In confession, we remember the holiness of God. We have sinned against the Most High and Holy God. To approach Him in the humility of confession is a reminder that our treason and rebellion is against Him. So true confession rightly recognizes the holiness of God and the affront our sin is against His holiness. And because we have offended Him by our sin, He must be the one to extend forgiveness which He does undeservedly in Christ. And as those who are in Christ, we fear not the harm done to ourselves in confession because we know, in our sinful state, no more harm can be done. Apart from Christ we are weak, ungodly, dead. As such, in true confession, we grieve only the harm done our Benefactor who has lavished on us grace upon grace that we, by our sin, have continually scorned and rejected.
Therefore, in confession, we openly admit our helplessness and cast ourselves on God’s gracious provision for our sin which He made in Christ. We proclaim the surpassing sufficiency of Christ’s work on our behalf. We remember that we cannot save ourselves and magnify God’s grace in saving us. We remember afresh that we merit no forgiveness and marvel anew at the wonder that forgiveness flows so free from Calvary.
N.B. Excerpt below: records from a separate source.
definition n_plus :: "(complex^'d \<Rightarrow> real) \<Rightarrow> real \<Rightarrow> complex^'d \<Rightarrow> complex^'d" where
  "n_plus F c x = gauss_inv F c (- (cJ x /\<^sub>R norm x))"

definition n_minus :: "(complex^'d \<Rightarrow> real) \<Rightarrow> real \<Rightarrow> complex^'d \<Rightarrow> complex^'d" where
  "n_minus F c x = gauss_inv F c (cJ x /\<^sub>R norm x)"

definition Vfield :: "(complex^'d \<Rightarrow> real) \<Rightarrow> real \<Rightarrow> complex^'d \<Rightarrow> complex^'d" where
  "Vfield F c x = 2 *\<^sub>R (n_plus F c x - n_minus F c x)"

end

(*
  Let l > 0 bound the Hessian of F from below near M and g bound |grad F| on M.
  For p, q on M the gradient inequalities of the convex function F and its
  strong convexity give l |p - q|^2 <= g <G(p) - G(q), p - q>, so the inverse
  Gauss map is K-Lipschitz on the sphere with K = g / l, and it is bounded by
  R = max |M|; it is defined everywhere because a maximizer of <u, .> over
  {F <= c} lies on M with normal u.  Since x |-> Jx/|x| moves by at most 2|y - x|/|x|, the field V
  is bounded by 4R and satisfies |V(y) - V(x)| <= 8K |y - x| / |x|.  A
  trajectory of V therefore stays within 4R of x up to time 1, and comparing
  it with the Euler step x + V(x) costs at most 32 K R / |x|.
*)

theory Submission
  imports Defs
begin

lemma smooth_fun_differentiable: "smooth_fun f \<Longrightarrow> f differentiable (at x)"
  by (erule smooth_fun.cases) auto

lemma smooth_fun_frechet_derivative:
  "smooth_fun f \<Longrightarrow> smooth_fun (\<lambda>x. frechet_derivative f (at x) v)"
  by (erule smooth_fun.cases) auto

lemma smooth_fun_has_derivative:
  "smooth_fun f \<Longrightarrow> (f has_derivative frechet_derivative f (at x)) (at x)"
  using smooth_fun_differentiable frechet_derivative_works by blast

lemma smooth_fun_continuous_on: "smooth_fun f \<Longrightarrow> continuous_on S f"
  by (meson continuous_at_imp_continuous_on differentiable_imp_continuous_within
      smooth_fun_differentiable)

lemma frechet_derivative_eq_sum_Basis:
  fixes f :: "'a::euclidean_space \<Rightarrow> real"
  assumes "smooth_fun f"
  shows "frechet_derivative f (at x) v = (\<Sum>b\<in>Basis. (v \<bullet> b) * frechet_derivative f (at x) b)"
proof -
  interpret linear "frechet_derivative f (at x)"
    using smooth_fun_has_derivative[OF assms] has_derivative_linear by blast
  have "frechet_derivative f (at x) v = frechet_derivative f (at x) (\<Sum>b\<in>Basis. (v \<bullet> b) *\<^sub>R b)"
    by (simp only: euclidean_representation)
  also have "\<dots> = (\<Sum>b\<in>Basis. (v \<bullet> b) * frechet_derivative f (at x) b)"
    by (simp only: sum scale real_scaleR_def o_def)
  finally show ?thesis .
qed

lemma frechet_derivative_eq_inner_grad:
  fixes f :: "'a::euclidean_space \<Rightarrow> real"
  assumes "smooth_fun f"
  shows "frechet_derivative f (at x) v = grad f x \<bullet> v"
  unfolding grad_def
  by (subst frechet_derivative_eq_sum_Basis[OF assms])
    (simp add: inner_sum_right inner_commute mult.commute)

lemma continuous_on_grad:
  fixes f :: "'a::euclidean_space \<Rightarrow> real"
  assumes "smooth_fun f"
  shows "continuous_on S (grad f)"
  unfolding grad_def
  by (intro continuous_intros smooth_fun_continuous_on smooth_fun_frechet_derivative assms)

lemma hess_form_eq_sum_Basis:
  fixes f :: "'a::euclidean_space \<Rightarrow> real"
  assumes "smooth_fun f"
  shows "hess_form f x v = (\<Sum>b\<in>Basis. \<Sum>b'\<in>Basis. (v \<bullet> b) * (v \<bullet> b') *
           frechet_derivative (\<lambda>y. frechet_derivative f (at y) b) (at x) b')"
proof -
  let ?D = "\<lambda>b y. frechet_derivative f (at y) b"
  have expand: "?D v = (\<lambda>y. \<Sum>b\<in>Basis. (v \<bullet> b) * ?D b y)"
    by (rule ext, rule frechet_derivative_eq_sum_Basis[OF assms])
  have "((\<lambda>y. \<Sum>b\<in>Basis. (v \<bullet> b) * ?D b y) has_derivative
      (\<lambda>h. \<Sum>b\<in>Basis. (v \<bullet> b) * frechet_derivative (?D b) (at x) h)) (at x)"
    by (intro has_derivative_sum has_derivative_mult_right smooth_fun_has_derivative
        smooth_fun_frechet_derivative assms)
  then have "hess_form f x v = (\<Sum>b\<in>Basis. (v \<bullet> b) * frechet_derivative (?D b) (at x) v)"
    unfolding hess_form_def expand by (simp add: frechet_derivative_at[symmetric])
  also have "\<dots> = (\<Sum>b\<in>Basis. (v \<bullet> b) * (\<Sum>b'\<in>Basis. (v \<bullet> b') * frechet_derivative (?D b) (at x) b'))"
    by (subst frechet_derivative_eq_sum_Basis[OF smooth_fun_frechet_derivative[OF assms]]) (rule refl)
  finally show ?thesis
    by (simp add: sum_distrib_left mult.assoc)
qed

lemma hess_form_scaleR:
  fixes f :: "'a::euclidean_space \<Rightarrow> real"
  assumes "smooth_fun f"
  shows "hess_form f x (t *\<^sub>R v) = t\<^sup>2 * hess_form f x v"
  unfolding hess_form_eq_sum_Basis[OF assms]
  by (simp add: sum_distrib_left power2_eq_square mult_ac)

lemma continuous_on_hess_form:
  fixes f :: "'a::euclidean_space \<Rightarrow> real"
  assumes "smooth_fun f"
  shows "continuous_on S (\<lambda>(x, v). hess_form f x v)"
  unfolding hess_form_eq_sum_Basis[OF assms] case_prod_beta
  by (intro continuous_intros continuous_on_compose2[OF smooth_fun_continuous_on continuous_on_fst]
      smooth_fun_frechet_derivative assms) auto

lemma hess_form_uniformly_positive_on_compact:
  fixes f :: "'a::euclidean_space \<Rightarrow> real"
  assumes smooth: "smooth_fun f"
    and hess_pos: "\<And>x v. v \<noteq> 0 \<Longrightarrow> hess_form f x v > 0"
    and "compact S"
  shows "\<exists>l>0. \<forall>x\<in>S. \<forall>v. l * (norm v)\<^sup>2 \<le> hess_form f x v"
proof (cases "S = {}")
  case True
  then show ?thesis by (intro exI[of _ 1]) auto
next
  case False
  let ?T = "S \<times> sphere (0::'a) 1"
  have "compact ?T" "?T \<noteq> {}"
    using \<open>compact S\<close> False by (auto intro!: compact_Times)
  then obtain z where "z \<in> ?T" and z_min: "\<forall>y\<in>?T. case_prod (hess_form f) z \<le> case_prod (hess_form f) y"
    using continuous_attains_inf[OF _ _ continuous_on_hess_form[OF smooth]] by blast
  obtain x0 v0 where z: "z = (x0, v0)"
    by (cases z)
  have min: "hess_form f x0 v0 \<le> hess_form f x v" if "(x, v) \<in> ?T" for x v
    using z_min that unfolding z by fastforce
  have "v0 \<noteq> 0"
    using \<open>z \<in> ?T\<close> unfolding z by auto
  have "hess_form f x0 v0 * (norm v)\<^sup>2 \<le> hess_form f x v" if "x \<in> S" for x v
  proof (cases "v = 0")
    case True
    then show ?thesis by (simp add: hess_form_eq_sum_Basis[OF smooth])
  next
    case False
    have "hess_form f x0 v0 \<le> hess_form f x (v /\<^sub>R norm v)"
      using min \<open>x \<in> S\<close> False by auto
    then have "hess_form f x0 v0 * (norm v)\<^sup>2 \<le> hess_form f x (v /\<^sub>R norm v) * (norm v)\<^sup>2"
      by (simp add: mult_right_mono)
    also have "\<dots> = hess_form f x v"
      using hess_form_scaleR[OF smooth, of x "norm v" "v /\<^sub>R norm v"] False by (simp add: mult.commute)
    finally show ?thesis .
  qed
  moreover have "hess_form f x0 v0 > 0"
    using hess_pos \<open>v0 \<noteq> 0\<close> by blast
  ultimately show ?thesis by blast
qed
Also, in confession, we dignify the people offended by our sin. We recognize them as persons who are pained the sting of our offense against them. We approach them in humble love rather than arrogant indifference. And as we confess to fellow brothers (or sisters) in Christ, they can remind us of the gospel. Dietrich Bonhoeffer says of confession to others, “Since the confession of sin is made in the presence [of others], the last stronghold of self-justification is abandoned.” We are disposed to think that it will do more harm than good to confess our sin to others. We think that what remains concealed in the darkness can do no harm. But our attempts to save our relationships with others by not confessing sin will actually end up destroying them. And by seemingly destroying our relationships by confessing your sin, in Christ, we will actually end up saving them. Will it be hard? Absolutely. Will it be painful? Yes. But God breaks to bind. He wounds to heal. He knocks down to build up. And it may take months or even years, but out of the ashes there will rise a monument to God’s grace.
But God breaks to bind. He wounds to heal. He knocks down to build up.
Finally, in confession, we walk in the reality of our true existence in Christ. We need not settle for a phantom existence, for we have a true existence in fellowship with Jesus in which sin loses its power. Dietrich Bonhoeffer notes, “[In confession] the sinner surrenders; he gives up all his evil. He gives his heart to God, and he finds the forgiveness of all his sin in the fellowship of Jesus… The expressed, acknowledged sin has lost all its power. It has been revealed and judged as sin… He is no longer alone with his evil for he has cast off his sin and handed it over to God.”
Confession is a tutor in the gospel, reminding us of the glorious reality that in spite of our being fully exposed and known as a sinful rebel against God, in Christ, we are fully embraced and loved as a righteous child of God. And by the faithful work of the Spirit, as our lives increasingly reflect and proclaim this reality, we will swim ever deeper in the infinite sea of God’s grace whose tide will rush into our hearts and expel all other affections and leave Christ alone.